Она не знала, удалость ли ей спрятать смущение и не раскраснеться, но при виде толстого фолианта в кожаном переплёте Гермиона забыла обо всём. Как гласила надпись на авантитуле, издание было 1899 года. Почти сто лет. С тоской оглядев пожелтевшие от старости страницы и обшарпанный корешок, она крепко прижала книгу к груди и носом вдохнула её запах: солёная вода и бумага.
«А ещё считается, что она пахнет для каждого по-разному, что кого привлекает, и я чувствую запах скошенной травы, нового пергамента и...»
От боли в висках мир словно почернел.
— Гермиона! — сжал её плечи возникший рядом Хэйвуд. — С вами всё в порядке?
— Наверное воспоминания возвращаются, — она с трудом открыла глаза — череп будто вскрыли тупым ножом. — Так странно, я видела то ли подвал, то ли подземелье какое-то, мужчину в странном плаще и кучу склянок и котлов.
— Может, вы задремали?
— Сомневаюсь, — твёрдо ответила Гермиона.
— В любом случае, я бы не советовал вам копаться в этом воспоминании. Память должна возвращаться сама, без вашего принудительного вмешательства.
— Вы так говорите, словно у меня голова откручивается и существует отдельно!
— Сделайте так, чтобы существовала, — впервые за время их короткого знакомства она услышала в его голосе плохо скрываемое раздражение.

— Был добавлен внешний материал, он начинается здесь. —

lemma S_finite_zero_submodule:
  fixes M :: "('a, 'b) module"
  assumes M: "module R M" and S: "\<one>\<^bsub>R\<^esub> \<in> S" and N: "submodule N R M" "N \<subseteq> {\<zero>\<^bsub>M\<^esub>}"
  shows "S_finite R M S N"
proof -
  interpret module R M by fact
  have "fin_gen_submodule R M (mod_span R M {})"
    unfolding fin_gen_submodule_def by (intro exI[of _ "{}"]) simp
  moreover have "mod_span R M {} \<subseteq> N"
    using mod_span_least[OF N(1)] by blast
  moreover have "\<one>\<^bsub>R\<^esub> \<odot>\<^bsub>M\<^esub> x \<in> mod_span R M {}" if "x \<in> N" for x
  proof -
    have "x = \<zero>\<^bsub>M\<^esub>"
      using that N(2) by blast
    then show ?thesis
      using submodule.zero_closed[OF submodule_mod_span[OF M, of "{}"]] by simp
  qed
  ultimately show ?thesis
    unfolding S_finite_def
    by (intro bexI[of _ "\<one>\<^bsub>R\<^esub>"] exI[of _ "mod_span R M {}"] conjI) (use S in simp_all)
qed

lemma S_noetherian_imp_locally_S_noetherian:
  fixes M :: "('a, 'b) module"
  assumes M: "module R M" and S: "mult_subset R S" and SN: "S_noetherian R M S"
  shows "locally_S_noetherian R M S"
  unfolding locally_S_noetherian_def
proof (intro allI impI)
  interpret module R M by fact
  fix P assume "maximalideal P R"
  then have "module_localization R M (carrier R - P)"
    using module_localization_primeideal[OF M maximalideal_prime] by blast
  then show "S_noetherian (loc_ring R (carrier R - P)) (loc_module R M (carrier R - P))
               (loc_image R (carrier R - P) S)"
    using module_localization.S_noetherian_loc_module SN S unfolding mult_subset_def by blast
qed

lemma locally_S_noetherianD:
  fixes M :: "('a, 'b) module"
  assumes M: "module R M" and S: "mult_subset R S" and loc: "locally_S_noetherian R M S"
    and P: "maximalideal P R" and N: "submodule N R M"
  shows "\<exists>s\<in>S. \<exists>Y. finite Y \<and> Y \<subseteq> N \<and>
           (\<forall>x\<in>N. s \<odot>\<^bsub>M\<^esub> x \<in> saturation R M (carrier R - P) (mod_span R M Y))"
proof -
  interpret module R M by fact
  have "module_localization R M (carrier R - P)"
    using module_localization_primeideal[OF M maximalideal_prime[OF P]] .
  moreover have "S_noetherian (loc_ring R (carrier R - P)) (loc_module R M (carrier R - P))
                   (loc_image R (carrier R - P) S)"
    using loc P unfolding locally_S_noetherian_def by blast
  moreover have "S \<subseteq> carrier R"
    using S unfolding mult_subset_def by blast
  ultimately show ?thesis
    using N by (rule module_localization.S_noetherian_loc_moduleD)
qed

lemma S_finite_if_locally_S_noetherian:
  fixes M :: "('a, 'b) module"
  assumes M: "module R M" and S: "mult_subset R S"
    and loc: "locally_S_noetherian R M S" and fc: "finite_character R M"
    and N: "submodule N R M" and a: "a \<in> N" "a \<noteq> \<zero>\<^bsub>M\<^esub>"
  shows "S_finite R M S N"
proof -
  have NC: "N \<subseteq> carrier M"
    using submodule.subset_carrier[OF N] .
  let ?A = "{P. maximalideal P R \<and> mod_colon R M (cyclic_sub R M a) \<subseteq> P}"
  have "finite ?A"
    using finite_character_finite_maximalideals[OF fc] a NC by blast
  then have "\<exists>s\<in>S. \<exists>Y. finite Y \<and> Y \<subseteq> N \<and>
               (\<forall>P\<in>?A. \<forall>x\<in>N. s \<odot>\<^bsub>M\<^esub> x \<in> saturation R M (carrier R - P) (mod_span R M Y))"
    using locally_S_noetherianD[OF M S loc _ N] by (intro ex_common_S_witness[OF M S NC]) auto
  then obtain s Y where s: "s \<in> S" "finite Y" "Y \<subseteq> N"
    and sY: "\<forall>P\<in>?A. \<forall>x\<in>N. s \<odot>\<^bsub>M\<^esub> x \<in> saturation R M (carrier R - P) (mod_span R M Y)"
    by blast
  have sc: "s \<in> carrier R"
    using s(1) S unfolding mult_subset_def by blast
  let ?J = "mod_span R M (insert a Y)"
  have "s \<odot>\<^bsub>M\<^esub> x \<in> ?J" if x: "x \<in> N" for x
  proof (rule mem_mod_span_insert_if_locally[OF M])
    show "Y \<subseteq> carrier M" "a \<in> carrier M" "s \<odot>\<^bsub>M\<^esub> x \<in> carrier M"
      using s(3) a(1) x NC sc module.smult_closed[OF M] by auto
    fix P assume "maximalideal P R" "mod_colon R M (cyclic_sub R M a) \<subseteq> P"
    then show "s \<odot>\<^bsub>M\<^esub> x \<in> saturation R M (carrier R - P) (mod_span R M Y)"
      using sY x by blast
  qed
  moreover have "fin_gen_submodule R M ?J"
    unfolding fin_gen_submodule_def using s(2,3) a(1) NC by (intro exI[of _ "insert a Y"]) auto
  moreover have "?J \<subseteq> N"
    using mod_span_least[OF N] s(3) a(1) by blast
  ultimately show ?thesis
    unfolding S_finite_def using s(1) by (intro bexI[of _ s] exI[of _ ?J]) blast+
qed

lemma S_noetherian_if_locally_S_noetherian:
  fixes M :: "('a, 'b) module"
  assumes M: "module R M" and S: "mult_subset R S"
    and loc: "locally_S_noetherian R M S" and fc: "finite_character R M"
  shows "S_noetherian R M S"
  unfolding S_noetherian_def
proof (intro allI impI)
  fix N assume N: "submodule N R M"
  show "S_finite R M S N"
  proof (cases "N \<subseteq> {\<zero>\<^bsub>M\<^esub>}")
    case True
    moreover have "\<one>\<^bsub>R\<^esub> \<in> S"
      using S unfolding mult_subset_def by blast
    ultimately show ?thesis
      using S_finite_zero_submodule[OF M _ N] by blast
  next
    case False
    then obtain a where "a \<in> N" "a \<noteq> \<zero>\<^bsub>M\<^esub>"
      by blast
    then show ?thesis
      using S_finite_if_locally_S_noetherian[OF M S loc fc N] by blast
  qed
qed

theorem proposition2p4:
  fixes D :: "'a ring" and M :: "('a, 'b) module" and S :: "'a set"
  assumes "domain D"
    and "module D M"
    and "mult_subset D S"
    and "torsion_free D M"
  shows "(S_noetherian D M S \<longrightarrow> locally_S_noetherian D M S)
       \<and> (locally_S_noetherian D M S \<and> finite_character D M \<longrightarrow> S_noetherian D M S)"
  using S_noetherian_imp_locally_S_noetherian[OF assms(2,3)]
    S_noetherian_if_locally_S_noetherian[OF assms(2,3)] by blast

end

Гермиона предпочла ничего не отвечать. И только когда пальцы Хэйвуда разжались на её плечах, а сам он резко отодвинулся и встал, она поняла, что всё время их небольшого спора он её держал. Очень крепко.
— Я вернусь через пару часов. Молоко и хлеб оставлю на тумбочке, если вдруг проголодаетесь.
И снова это описание действий. Если в первые секунды их знакомства он показался страшным, то теперь он стал чудным и окончательно непонятным.
«Угукнув» на прощание, взгляда от книги она не подняла. Громкий хлопок за дверью Гермиона списала на ударивший по дощатым стенам ветер.